Ann Plast Surg. 2013 Jan;70(1):116-8. doi: 10.1097/SAP.0b013e31822f9960.
Fanconi anemia is known to be associated with radial ray deficiency (thumb and radius hypoplasia), and its embryological basis remains to be poorly understood. We describe a rare case of Fanconi anemia with concurrent thumb polydactyly and dorsal dimelia.
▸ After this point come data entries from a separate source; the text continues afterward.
lemma peval_pscale:
  fixes f :: "(nat \<Rightarrow> nat) \<Rightarrow> 'a::field"
  assumes "f \<in> hom_polys d m"
  shows "peval m (pscale c f) x = c * peval m f x"
  by (simp only: peval_hom[OF assms] peval_hom[OF V.subspace_scale[OF subspace_hom_polys assms]])
    (simp add: sum_distrib_left pscale_def mult.assoc)

lemma subspace_vanishing_hom_polys:
  "V.subspace {f :: (nat \<Rightarrow> nat) \<Rightarrow> 'a::field. f \<in> hom_polys d m \<and> (\<forall>x. peval m f x = 0)}"
  using subspace_hom_polys[of d m]
  by (auto simp: V.subspace_def peval_add peval_pscale) (simp add: peval_def)

section \<open>The ideal vanishes everywhere\<close>

definition shift_exps :: "(nat \<Rightarrow> nat) \<Rightarrow> nat \<Rightarrow> nat \<Rightarrow> nat \<Rightarrow> nat \<Rightarrow> nat \<Rightarrow> nat" where
  "shift_exps b i s j t = (\<lambda>k. b k + (if k = i then s else 0) + (if k = j then t else 0))"

lemma ideal_gens_eq:
  "ideal_gens TYPE('a::{finite,field}) d m =
    {mon_vec (shift_exps b i CARD('a) j 1) - mon_vec (shift_exps b i 1 j CARD('a)) | b i j.
       i < j \<and> j \<le> m \<and> CARD('a) + 1 \<le> d \<and> b \<in> Mon (d - (CARD('a) + 1)) m}"
  unfolding ideal_gens_def shift_exps_def fun_diff_def ..

lemma sum_shift_exps:
  assumes "i \<le> m" "j \<le> m" "i \<noteq> j"
  shows "(\<Sum>k\<le>m. shift_exps b i s j t k) = (\<Sum>k\<le>m. b k) + s + t"
  using assms by (simp add: shift_exps_def sum.distrib)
The embryological basis of limb abnormalities in Fanconi anemia patients is thought to be based on the complex interactions between the apical ectodermal ridge (where Fanconi anemia genes are expressed) and both the mesoderm (where Spalt-like 4 (SALL4) and Sonic hedgehog (SHH) are located and which are responsible for radial ray deficiency, thumb polydactyly, and triphalangism) and the dorsoventral axis (an error in that axis leads to dorsal dimelia).
已知范可尼贫血与桡骨射线缺陷(拇指和桡骨发育不全)有关,但其胚胎学基础仍知之甚少。我们描述了一例罕见的范可尼贫血病例,同时伴有拇指多指畸形和背侧双肢畸形。范可尼贫血患者肢体异常的胚胎学基础被认为基于顶端外胚层嵴(范可尼贫血基因在此表达)与中胚层(Spalt样4(SALL4)和音猬因子(SHH)位于此处,它们负责桡骨射线缺陷、拇指多指畸形和指骨三联症)以及背腹轴(该轴的错误会导致背侧双肢畸形)之间的复杂相互作用。